I loved this way to celebrate Thakur’s (as Bengalis call Tagore) birthday because I feel that so many poems remain buried in the pages of books. We can liberate them into the present by giving them voice and breath.

Reading poems aloud is consistent with the ancient oral traditions before any books. It is also a great way to connect with others. Even if someone declares that they just don’t get poetry, one can continue the conversation by telling them why and how the reader selected the poem they chose. Not knowing is full of possibilities. Poetic possibilities have the power to build bridges that last across generations and can cross continents. 

A group of people sit in front of a picture win dow
Bay Area poets gather for a poetry reading at the Cupertino Library (image courtesy: Jyoti Bachani)
Tagore and the poet Xu Zhimo (right) and the architect Lin Huiyin (left), Beijing, 1924
Tagore and the poet Xu Zhimo (right) and the architect Lin Huiyin (left), Beijing, 1924 – China Photo Press (image courtesy: https://books.openedition.org/cdf/7566)

Tagore and Xu Zhimo

In 2021, I wrote this article about the friendship between Tagore and his contemporary, the renowned Chinese poet Xu Zhimo. I learned of this from former Cupertino poet laureate Jing Jing Yang. Recently, the current Cupertino poet laureate, Keiko O’Leary, hosted a multilingual poetry reading at the Cupertino library. She opened the program by saying, “Language and culture can be used to divide us, but it is also a way to unite us.”

Jing Jing, like me, was one of the featured poets. She read us a new poem, freshly written in response to discovering that her grandfather had met the poet Xu Zhimo. Hearing Jing Jing’s poem brought me the happy memory of having celebrated the 2021 Chinese New Year by reading Tagore’s poem at the celebration hosted by Jing Jing with the grandson and great-granddaughter of Xu Zhimo. 

Thakur & The Year 1400

Jayanta had introduced the Tagore poem I read then, and he was sitting right next to me as Jing Jing now read her poem. Tagore’s poem, The Year 1400, urges the reader, a hundred years into the future from when Tagore wrote it, to open their window to enjoy spring, just as the poet found joy in the springtime as he wrote. Behind the readers were lush green trees visible through the glass wall, with spring in the air. 

Her poem moved me so much that when my turn came to read, I proclaimed how maybe someday in the future, a hundred years from now, our grandchildren might talk of how their grandmothers met by reading poems together in Cupertino. Jayanta too felt the need to open his reading of his wife Amita’s poems by first reciting the opening lines of Tagore’s poems, in Bengali.

Later that morning, Jing Jing shared a photo of her with the grandson and great-granddaughter of Xu Zhimo, and the great-grandniece of Tagore. She said, “Jyoti, you were invited to this gathering in Los Angeles in 2024, but you were in India when I called you to join me for this”. I was pleasantly surprised to learn this, since Jing Jing and I only know each other from reading and listening to poems together, with her reading in Mandarin and me reading in Hindi, with translations offered sometimes. Other readers at the program read in Welsh, Hebrew, Japanese, Mandarin, German, Urdu, Marathi, Italian, Spanish, Greek, and English.

Not lost in translation

A Japanese-American high-schooler wrote about her outsider-insider status on her visits to Japan as a 100% American who also can’t deny the 50% Japanese she embodies. She translated the poem into Japanese for the event. Many were surprised because we mostly assume all translations will be into the dominant English here. It is hopeful to see other languages being preserved.

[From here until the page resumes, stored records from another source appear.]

definition fd_causal :: "('a \<Rightarrow> 'a \<Rightarrow> bool) \<Rightarrow> (real \<Rightarrow> 'a::metric_space) \<Rightarrow> real set \<Rightarrow> bool" where
  "fd_causal le \<gamma> I \<longleftrightarrow> lip_curve \<gamma> I \<and> (\<forall>s\<in>I. \<forall>t\<in>I. s < t \<longrightarrow> le (\<gamma> s) (\<gamma> t))"

definition fd_timelike :: "('a \<Rightarrow> 'a \<Rightarrow> bool) \<Rightarrow> (real \<Rightarrow> 'a::metric_space) \<Rightarrow> real set \<Rightarrow> bool" where
  "fd_timelike ll \<gamma> I \<longleftrightarrow> lip_curve \<gamma> I \<and> (\<forall>s\<in>I. \<forall>t\<in>I. s < t \<longrightarrow> ll (\<gamma> s) (\<gamma> t))"

definition causal_from_to :: "('a \<Rightarrow> 'a \<Rightarrow> bool) \<Rightarrow> (real \<Rightarrow> 'a::metric_space) \<Rightarrow> real \<Rightarrow> real \<Rightarrow> 'a \<Rightarrow> 'a \<Rightarrow> bool" where
  "causal_from_to le \<gamma> a b x y \<longleftrightarrow> a < b \<and> fd_causal le \<gamma> {a..b} \<and> \<gamma> a = x \<and> \<gamma> b = y"

definition timelike_from_to :: "('a \<Rightarrow> 'a \<Rightarrow> bool) \<Rightarrow> (real \<Rightarrow> 'a::metric_space) \<Rightarrow> real \<Rightarrow> real \<Rightarrow> 'a \<Rightarrow> 'a \<Rightarrow> bool" where
  "timelike_from_to ll \<gamma> a b x y \<longleftrightarrow> a < b \<and> fd_timelike ll \<gamma> {a..b} \<and> \<gamma> a = x \<and> \<gamma> b = y"

definition is_partition :: "real \<Rightarrow> real \<Rightarrow> (nat \<Rightarrow> real) \<Rightarrow> nat \<Rightarrow> bool" where
  "is_partition a b t N \<longleftrightarrow> 0 < N \<and> t 0 = a \<and> t N = b \<and> (\<forall>i<N. t i < t (Suc i))"

definition L_tau :: "('a \<Rightarrow> 'a \<Rightarrow> ennreal) \<Rightarrow> (real \<Rightarrow> 'a) \<Rightarrow> real \<Rightarrow> real \<Rightarrow> ennreal" where
  "L_tau tau \<gamma> a b = (INF p \<in> {(t, N). is_partition a b t N}.
      (\<Sum>i<snd p. tau (\<gamma> (fst p i)) (\<gamma> (fst p (Suc i)))))"

definition d_length :: "(real \<Rightarrow> 'a::metric_space) \<Rightarrow> real set \<Rightarrow> ennreal" where
  "d_length \<gamma> I = (SUP p \<in> {(t, N). (\<forall>i\<le>N. t i \<in> I) \<and> (\<forall>i<N. t i < t (Suc i))}.
      ennreal (\<Sum>i<snd p. dist (\<gamma> (fst p i)) (\<gamma> (fst p (Suc i)))))"

definition causally_path_connected :: "('a \<Rightarrow> 'a \<Rightarrow> bool) \<Rightarrow> ('a::metric_space \<Rightarrow> 'a \<Rightarrow> bool) \<Rightarrow> bool" where
  "causally_path_connected ll le \<longleftrightarrow>
     (\<forall>x y. le x y \<and> x \<noteq> y \<longrightarrow> (\<exists>\<gamma> a b. causal_from_to le \<gamma> a b x y)) \<and>
     (\<forall>x y. ll x y \<longrightarrow> (\<exists>\<gamma> a b. timelike_from_to ll \<gamma> a b x y))"

definition le_in :: "('a \<Rightarrow> 'a \<Rightarrow> bool) \<Rightarrow> 'a::metric_space set \<Rightarrow> 'a \<Rightarrow> 'a \<Rightarrow> bool" where
  "le_in le U p q \<longleftrightarrow> p = q \<or> (\<exists>\<gamma> a b. causal_from_to le \<gamma> a b p q \<and> \<gamma> ` {a..b} \<subseteq> U)"

definition causally_closed :: "('a \<Rightarrow> 'a \<Rightarrow> bool) \<Rightarrow> 'a::metric_space set \<Rightarrow> bool" where
  "causally_closed le U \<longleftrightarrow> open U \<and>
     (\<forall>pn qn p q. (\<forall>n. le_in le U (pn n) (qn n)) \<and> pn \<longlonglongrightarrow> p \<and> qn \<longlonglongrightarrow> q \<and> p \<in> U \<and> q \<in> U
        \<longrightarrow> le_in le U p q)"

definition locally_causally_closed :: "('a::metric_space \<Rightarrow> 'a \<Rightarrow> bool) \<Rightarrow> bool" where
  "locally_causally_closed le \<longleftrightarrow> (\<forall>x. \<exists>U. x \<in> U \<and> causally_closed le U)"

definition is_nbhd :: "'a::topological_space set \<Rightarrow> 'a \<Rightarrow> bool" where
  "is_nbhd N x \<longleftrightarrow> (\<exists>U. open U \<and> x \<in> U \<and> U \<subseteq> N)"

definition localizable :: "('a \<Rightarrow> 'a \<Rightarrow> bool) \<Rightarrow> ('a \<Rightarrow> 'a \<Rightarrow> bool) \<Rightarrow> ('a::metric_space \<Rightarrow> 'a \<Rightarrow> ennreal) \<Rightarrow> bool" where
  "localizable ll le tau \<longleftrightarrow> (\<forall>x. \<exists>\<Omega> (\<omega> :: 'a \<Rightarrow> 'a \<Rightarrow> real).
     is_nbhd \<Omega> x \<and>
     (\<exists>C::real. \<forall>\<gamma> I. fd_causal le \<gamma> I \<and> \<gamma> ` I \<subseteq> \<Omega> \<longrightarrow> d_length \<gamma> I \<le> ennreal C) \<and>
     continuous_on (\<Omega> \<times> \<Omega>) (\<lambda>(p, q). \<omega> p q) \<and>
     (\<forall>p\<in>\<Omega>. \<forall>q\<in>\<Omega>. 0 \<le> \<omega> p q) \<and>
     lpls_on \<Omega> ll le (\<lambda>p q. ennreal (\<omega> p q)) \<and>
     (\<forall>y\<in>\<Omega>. (\<exists>z\<in>\<Omega>. ll y z) \<and> (\<exists>z\<in>\<Omega>. ll z y)) \<and>
     (\<forall>p\<in>\<Omega>. \<forall>q\<in>\<Omega>. le p q \<and> p \<noteq> q \<longrightarrow>
        (\<exists>\<gamma> a b. causal_from_to le \<gamma> a b p q \<and> L_tau tau \<gamma> a b = ennreal (\<omega> p q) \<and>
           (\<forall>\<gamma>' a' b'. causal_from_to le \<gamma>' a' b' p q \<and> \<gamma>' ` {a'..b'} \<subseteq> \<Omega> \<longrightarrow>
              L_tau tau \<gamma>' a' b' \<le> L_tau tau \<gamma> a b))))"

definition lorentzian_length_space :: "('a \<Rightarrow> 'a \<Rightarrow> bool) \<Rightarrow> ('a \<Rightarrow> 'a \<Rightarrow> bool) \<Rightarrow> ('a::metric_space \<Rightarrow> 'a \<Rightarrow> ennreal) \<Rightarrow> bool" where
  "lorentzian_length_space ll le tau \<longleftrightarrow>
     lpls_on UNIV ll le tau \<and> causally_path_connected ll le \<and> locally_causally_closed le \<and>
     localizable ll le tau \<and>
     (\<forall>x y. tau x y = (SUP c \<in> {(\<gamma>, a, b). causal_from_to le \<gamma> a b x y}.
                          L_tau tau (fst c) (fst (snd c)) (snd (snd c))))"

definition Kplus :: "('a::topological_space \<Rightarrow> 'a \<Rightarrow> bool) \<Rightarrow> ('a \<times> 'a) set" where
  "Kplus le = \<Inter> {R. trans R \<and> closed R \<and> {(x, y). le x y} \<subseteq> R}"

definition stably_causal :: "('a::topological_space \<Rightarrow> 'a \<Rightarrow> bool) \<Rightarrow> bool" where
  "stably_causal le \<longleftrightarrow> antisym (Kplus le)"

definition alexandrov_topology :: "('a \<Rightarrow> 'a \<Rightarrow> bool) \<Rightarrow> 'a topology" where
  "alexandrov_topology ll = topology_generated_by {{y. ll x y} \<inter> {y. ll y z} | x z. True}"

definition strongly_causal :: "('a::topological_space \<Rightarrow> 'a \<Rightarrow> bool) \<Rightarrow> bool" where
  "strongly_causal ll \<longleftrightarrow> alexandrov_topology ll = euclidean"

end

theory Submission
  imports Defs
begin

(* Lower semicontinuity of tau makes the timelike diamonds I(p,q) open, so strong causality
  amounts to every x having diamonds inside arbitrarily small balls around it. Timelike points
  p_n << x << q_n converging to x exist: localizability gives some timelike past and future point
  of x, and the timelike curves joining them to x stay close to x near their ends. If the
  diamonds I(p_n,q_n) all left a ball around x with compact boundary sphere, timelike curves
  inside them would cross the sphere in points r_n with p_n <= r_n <= q_n. A limit r of the r_n
  then satisfies (x,r), (r,x) in the closed relation K^+, so r = x by stable causality, which
  is impossible for a point of the sphere. *)

lemma open_superlevel_set_if_lsc:
  assumes "lsc_on UNIV f"
  shows "open {z. c < f z}"
proof (rule open_subopen[THEN iffD2], intro ballI)
  fix z assume "z \<in> {z. c < f z}"
  then have "\<forall>\<^sub>F w in nhds z. c < f w"
    using assms unfolding lsc_on_def by auto
  then show "\<exists>T. open T \<and> z \<in> T \<and> T \<subseteq> {z. c < f z}"
    unfolding eventually_nhds by auto
qed

lemma open_timelike_relation:
  assumes "lpls_on UNIV ll le tau"
  shows "open {(x, y). ll x y}"
proof -
  have lsc: "lsc_on UNIV (\<lambda>(x, y). tau x y)" and pos: "\<And>x y. 0 < tau x y \<longleftrightarrow> ll x y"
    using assms unfolding lpls_on_def by auto
  have "open {z. 0 < (\<lambda>(x, y). tau x y) z}"
    using lsc by (rule open_superlevel_set_if_lsc)
  also have "{z. 0 < (\<lambda>(x, y). tau x y) z} = {(x, y). ll x y}"
    using pos by auto
  finally show ?thesis .
qed

lemma open_timelike_future_past:
  assumes "lpls_on UNIV ll le tau"
  shows "open {y. ll x y}" and "open {y. ll y x}"
proof -
  have rel: "open {(x, y). ll x y}"
    using assms by (rule open_timelike_relation)
  have "open ((\<lambda>y. (x, y)) -` {(x, y). ll x y})"
    by (intro continuous_open_vimage rel) (auto intro: continuous_intros)
  then show "open {y. ll x y}" by simp
  have "open ((\<lambda>y. (y, x)) -` {(x, y). ll x y})"
    by (intro continuous_open_vimage rel) (auto intro: continuous_intros)
  then show "open {y. ll y x}" by simp
qed

lemma continuous_on_Icc_approach:
  fixes \<gamma> :: "real \<Rightarrow> 'a::metric_space"
  assumes "continuous_on {a..b} \<gamma>" "a < b" "0 < \<delta>" "t\<^sub>0 \<in> {a..b}"
  shows "\<exists>t\<in>{a..b}. t \<noteq> t\<^sub>0 \<and> dist (\<gamma> t) (\<gamma> t\<^sub>0) < \<delta>"
proof -
  have "\<forall>\<^sub>F t in at t\<^sub>0 within {a..b}. dist (\<gamma> t) (\<gamma> t\<^sub>0) < \<delta>"
    using assms(1,3,4) unfolding continuous_on_def by (auto dest: tendstoD)
  then obtain d where "0 < d"
    and d: "\<And>t. t \<in> {a..b} \<Longrightarrow> t \<noteq> t\<^sub>0 \<Longrightarrow> dist t t\<^sub>0 < d \<Longrightarrow> dist (\<gamma> t) (\<gamma> t\<^sub>0) < \<delta>"
    unfolding eventually_at by blast
  moreover have "t\<^sub>0 islimpt {a..b}"
    using assms(2,4) by simp
  ultimately obtain t where "t \<in> {a..b}" "t \<noteq> t\<^sub>0" "dist t t\<^sub>0 < d"
    unfolding islimpt_approachable by blast
  with d show ?thesis by blast
qed

lemma timelike_curve_continuous:
  assumes "timelike_from_to ll \<gamma> a b x y"
  shows "continuous_on {a..b} \<gamma>"
  using assms unfolding timelike_from_to_def fd_timelike_def lip_curve_def
  by (auto intro: lipschitz_on_continuous_on)

lemma timelike_future_near:
  fixes x :: "'a::metric_space"
  assumes "causally_path_connected ll le" "ll x z" "0 < \<delta>"
  shows "\<exists>y. ll x y \<and> dist y x < \<delta>"
proof -
  obtain \<gamma> a b where \<gamma>: "timelike_from_to ll \<gamma> a b x z"
    using assms(1,2) unfolding causally_path_connected_def by blast
  then have "a < b" "\<gamma> a = x"
    and tl: "\<And>s t. s \<in> {a..b} \<Longrightarrow> t \<in> {a..b} \<Longrightarrow> s < t \<Longrightarrow> ll (\<gamma> s) (\<gamma> t)"
    unfolding timelike_from_to_def fd_timelike_def by auto
  moreover obtain t where "t \<in> {a..b}" "t \<noteq> a" "dist (\<gamma> t) (\<gamma> a) < \<delta>"
    using continuous_on_Icc_approach[OF timelike_curve_continuous[OF \<gamma>] \<open>a < b\<close> assms(3), of a]
      \<open>a < b\<close> by auto
  ultimately show ?thesis
    using tl[of a t] by auto
qed

lemma timelike_past_near:
  fixes x :: "'a::metric_space"
  assumes "causally_path_connected ll le" "ll z x" "0 < \<delta>"
  shows "\<exists>y. ll y x \<and> dist y x < \<delta>"
proof -
  obtain \<gamma> a b where \<gamma>: "timelike_from_to ll \<gamma> a b z x"
    using assms(1,2) unfolding causally_path_connected_def by blast
  then have "a < b" "\<gamma> b = x"
    and tl: "\<And>s t. s \<in> {a..b} \<Longrightarrow> t \<in> {a..b} \<Longrightarrow> s < t \<Longrightarrow> ll (\<gamma> s) (\<gamma> t)"
    unfolding timelike_from_to_def fd_timelike_def by auto
  moreover obtain t where "t \<in> {a..b}" "t \<noteq> b" "dist (\<gamma> t) (\<gamma> b) < \<delta>"
    using continuous_on_Icc_approach[OF timelike_curve_continuous[OF \<gamma>] \<open>a < b\<close> assms(3), of b]
      \<open>a < b\<close> by auto
  ultimately show ?thesis
    using tl[of t b] by auto
qed

lemma lorentzian_length_space_timelike_near:
  fixes x :: "'a::metric_space"
  assumes "lorentzian_length_space ll le tau" "0 < \<delta>"
  shows "\<exists>q. ll x q \<and> dist q x < \<delta>" and "\<exists>p. ll p x \<and> dist p x < \<delta>"
proof -
  have cpc: "causally_path_connected ll le" and "localizable ll le tau"
    using assms(1) unfolding lorentzian_length_space_def by auto
  then obtain \<Omega> :: "'a set" where "is_nbhd \<Omega> x"
    and "\<forall>y\<in>\<Omega>. (\<exists>z\<in>\<Omega>. ll y z) \<and> (\<exists>z\<in>\<Omega>. ll z y)"
    unfolding localizable_def by meson
  then obtain z w where "ll x z" "ll w x"
    unfolding is_nbhd_def by blast
  then show "\<exists>q. ll x q \<and> dist q x < \<delta>" and "\<exists>p. ll p x \<and> dist p x < \<delta>"
    using timelike_future_near[OF cpc _ assms(2)] timelike_past_near[OF cpc _ assms(2)] by blast+
qed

Keiko, also a Japanese-American, urged us all to learn Italian as she introduced me to the poetry in the lyrics of the Italian band called Pinguini Tattici Nucleari. Another poet, Theresa Du, offered up a Chinese chant that had been a part of her rituals since she was a child, bravely translating it for us. The room full of poetry-lovers waited patiently as she hesitated in attempting to translate, while navigating the loss of rhythm and musicality of the chant.

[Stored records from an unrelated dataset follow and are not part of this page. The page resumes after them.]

lemma logconcaveD:
  "logconcave \<phi> \<Longrightarrow> 0 \<le> l \<Longrightarrow> l \<le> 1 \<Longrightarrow> \<phi> x powr l * \<phi> y powr (1 - l) \<le> \<phi> (l * x + (1 - l) * y)"
  by (simp add: logconcave_def)

lemma logconcaveI:
  assumes nonneg: "\<And>x. 0 \<le> \<phi> x"
    and ineq: "\<And>x y l. 0 < l \<Longrightarrow> l < 1 \<Longrightarrow> \<phi> x powr l * \<phi> y powr (1 - l) \<le> \<phi> (l * x + (1 - l) * y)"
  shows "logconcave \<phi>"
  unfolding logconcave_def
proof (intro conjI allI impI nonneg)
  fix x y l :: real
  assume "0 \<le> l" "l \<le> 1"
  then consider "l = 0" | "l = 1" | "0 < l" "l < 1" by linarith
  then show "\<phi> x powr l * \<phi> y powr (1 - l) \<le> \<phi> (l * x + (1 - l) * y)"
    by cases (use nonneg ineq in auto)
qed

lemma log_concave_density_imp_logconcave:
  assumes nonneg: "\<And>x. 0 \<le> h x" and lc: "log_concave_density h"
  shows "logconcave h"
proof (rule logconcaveI[OF nonneg])
  fix x y l :: real
  assume l: "0 < l" "l < 1"
  show "h x powr l * h y powr (1 - l) \<le> h (l * x + (1 - l) * y)"
  proof (cases "0 < h x \<and> 0 < h y")
    case True
    with lc l have pos: "0 < h (l * x + (1 - l) * y)"
      and ln_le: "l * ln (h x) + (1 - l) * ln (h y) \<le> ln (h (l * x + (1 - l) * y))"
      unfolding log_concave_density_def by auto
    have "h x powr l * h y powr (1 - l) = exp (l * ln (h x) + (1 - l) * ln (h y))"
      using True by (simp add: powr_def exp_add)
    also have "\<dots> \<le> h (l * x + (1 - l) * y)"
      using ln_le pos by (metis exp_le_cancel_iff exp_ln)
    finally show ?thesis .
  next
    case False
    then have "h x = 0 \<or> h y = 0" using nonneg[of x] nonneg[of y] by linarith
    then show ?thesis using nonneg by auto
  qed
qed

lemma powr_mult_powr_le_mult:
  fixes a b c d e f l :: real
  assumes "0 \<le> a" "0 \<le> b" "0 \<le> c" "0 \<le> d"
    and ac: "a powr l * c powr (1 - l) \<le> e" and bd: "b powr l * d powr (1 - l) \<le> f"
  shows "(a * b) powr l * (c * d) powr (1 - l) \<le> e * f"
proof -
  have "(a * b) powr l * (c * d) powr (1 - l) = (a powr l * c powr (1 - l)) * (b powr l * d powr (1 - l))"
    using assms by (simp add: powr_mult mult_ac)
  also have "\<dots> \<le> e * f"
    using ac bd by (intro mult_mono) (auto intro: order_trans[OF _ ac])
  finally show ?thesis .
qed

lemma logconcave_const: "0 \<le> c \<Longrightarrow> logconcave (\<lambda>_. c)"
  by (rule logconcaveI) (auto simp: powr_add[symmetric] order_le_less)

lemma logconcave_mult:
  assumes \<phi>: "logconcave \<phi>" and \<psi>: "logconcave \<psi>"
  shows "logconcave (\<lambda>x. \<phi> x * \<psi> x)"
proof (rule logconcaveI)
  fix x y l :: real
  assume "0 < l" "l < 1"
  then show "(\<phi> x * \<psi> x) powr l * (\<phi> y * \<psi> y) powr (1 - l) \<le> \<phi> (l * x + (1 - l) * y) * \<psi> (l * x + (1 - l) * y)"
    using \<phi> \<psi> by (intro powr_mult_powr_le_mult) (auto simp: logconcave_nonneg intro: logconcaveD)
qed (use \<phi> \<psi> in \<open>simp add: logconcave_nonneg\<close>)

lemma min_powr_mult_min_powr_le:
  fixes a b M l :: real
  assumes "0 \<le> a" "0 \<le> b" "0 \<le> M" "0 \<le> l" "l \<le> 1"
  shows "min a M powr l * min b M powr (1 - l) \<le> min (a powr l * b powr (1 - l)) M"
proof -
  have "min a M powr l * min b M powr (1 - l) \<le> a powr l * b powr (1 - l)"
    using assms by (intro mult_mono powr_mono2) auto
  moreover have "min a M powr l * min b M powr (1 - l) \<le> M powr l * M powr (1 - l)"
    using assms by (intro mult_mono powr_mono2) auto
  moreover have "M powr l * M powr (1 - l) = M"
    using assms by (cases "M = 0") (simp_all add: powr_add[symmetric])
  ultimately show ?thesis by simp
qed

lemma logconcave_min_const:
  assumes lc: "logconcave \<phi>" and "0 \<le> M"
  shows "logconcave (\<lambda>x. min (\<phi> x) M)"
proof (rule logconcaveI)
  fix x y l :: real
  assume "0 < l" "l < 1"
  then have "min (\<phi> x) M powr l * min (\<phi> y) M powr (1 - l) \<le> min (\<phi> x powr l * \<phi> y powr (1 - l)) M"
    using lc \<open>0 \<le> M\<close> by (intro min_powr_mult_min_powr_le) (auto simp: logconcave_nonneg)
  also have "\<dots> \<le> min (\<phi> (l * x + (1 - l) * y)) M"
    using lc \<open>0 < l\<close> \<open>l < 1\<close> by (intro min.mono logconcaveD) auto
  finally show "min (\<phi> x) M powr l * min (\<phi> y) M powr (1 - l) \<le> min (\<phi> (l * x + (1 - l) * y)) M" .
qed (use lc \<open>0 \<le> M\<close> in \<open>simp add: logconcave_nonneg\<close>)

lemma logconcave_indicator:
  fixes S :: "real set"
  assumes "convex S"
  shows "logconcave (indicator S)"
proof (rule logconcaveI)
  fix x y l :: real
  assume "0 < l" "l < 1"
  then have "x \<in> S \<Longrightarrow> y \<in> S \<Longrightarrow> l * x + (1 - l) * y \<in> S"
    using convexD[OF assms, of x y l "1 - l"] by simp
  then show "indicator S x powr l * indicator S y powr (1 - l) \<le> (indicator S (l * x + (1 - l) * y) :: real)"
    by (auto simp: indicator_def)
qed simp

The expectant silence that filled the room connected us all. The silence felt sacred as it mimicked the silences in poetry where powerful feelings are conveyed in-between the lines and words acquire fresh meanings beyond their usual ones. Generous listening with focused attention is a powerful love language that is hard to find these days. No matter what language the poet was reading in, there were embedded pauses where we could feel the connection between us as well as with our inner muses. 

First drafts & revisions

Bradley Kind shared how he had started his children’s picture book, The Lost Orange Shoe, with an 1800+ word first draft and finally published it with only 350 words, after over 150 revisions. I tend to give up on my writings after one or two revisions, but being a programmer, Kind felt it was perfectly normal to have many versions of writing, just as there are many versions of software he codes. 

In this age of Instagram, Discord, Tinder, and doom scrolling in the pursuit of instant gratification, who dreams of ‘a hundred years hence’? Even the mere act of sitting together to listen patiently feels revolutionary.

Poets in all languages are keeping this flame alive.

Come join us, as some of us plan to meet outside Smithwick Theater at Foothill College on May 9th at 6pm, just before we attend the concert by the band Indian Ocean. The band combines the ancient and the modern for their unique sound, just as we too embrace the past as we march forward. The imagination soaring to dream fresh dreams in the company of friends, brought together by Tagore’s visit to China, via Bengal in Poetry of Diaspora Circle, to trip to the City of Angels with the great-granddaughter and great-grandniece of the poets, connecting us thanks to the former and current Cupertino Poet Laureates.

It just might be the boldest form of protest against the insta-temptations and influencer-manipulations. 

Dr. Jyoti Bachani is a Professor of Strategy and Innovation at Saint Mary’s College of California. She is a former Fulbright Senior Research Scholar, with degrees from London Business School, UK, Stanford,...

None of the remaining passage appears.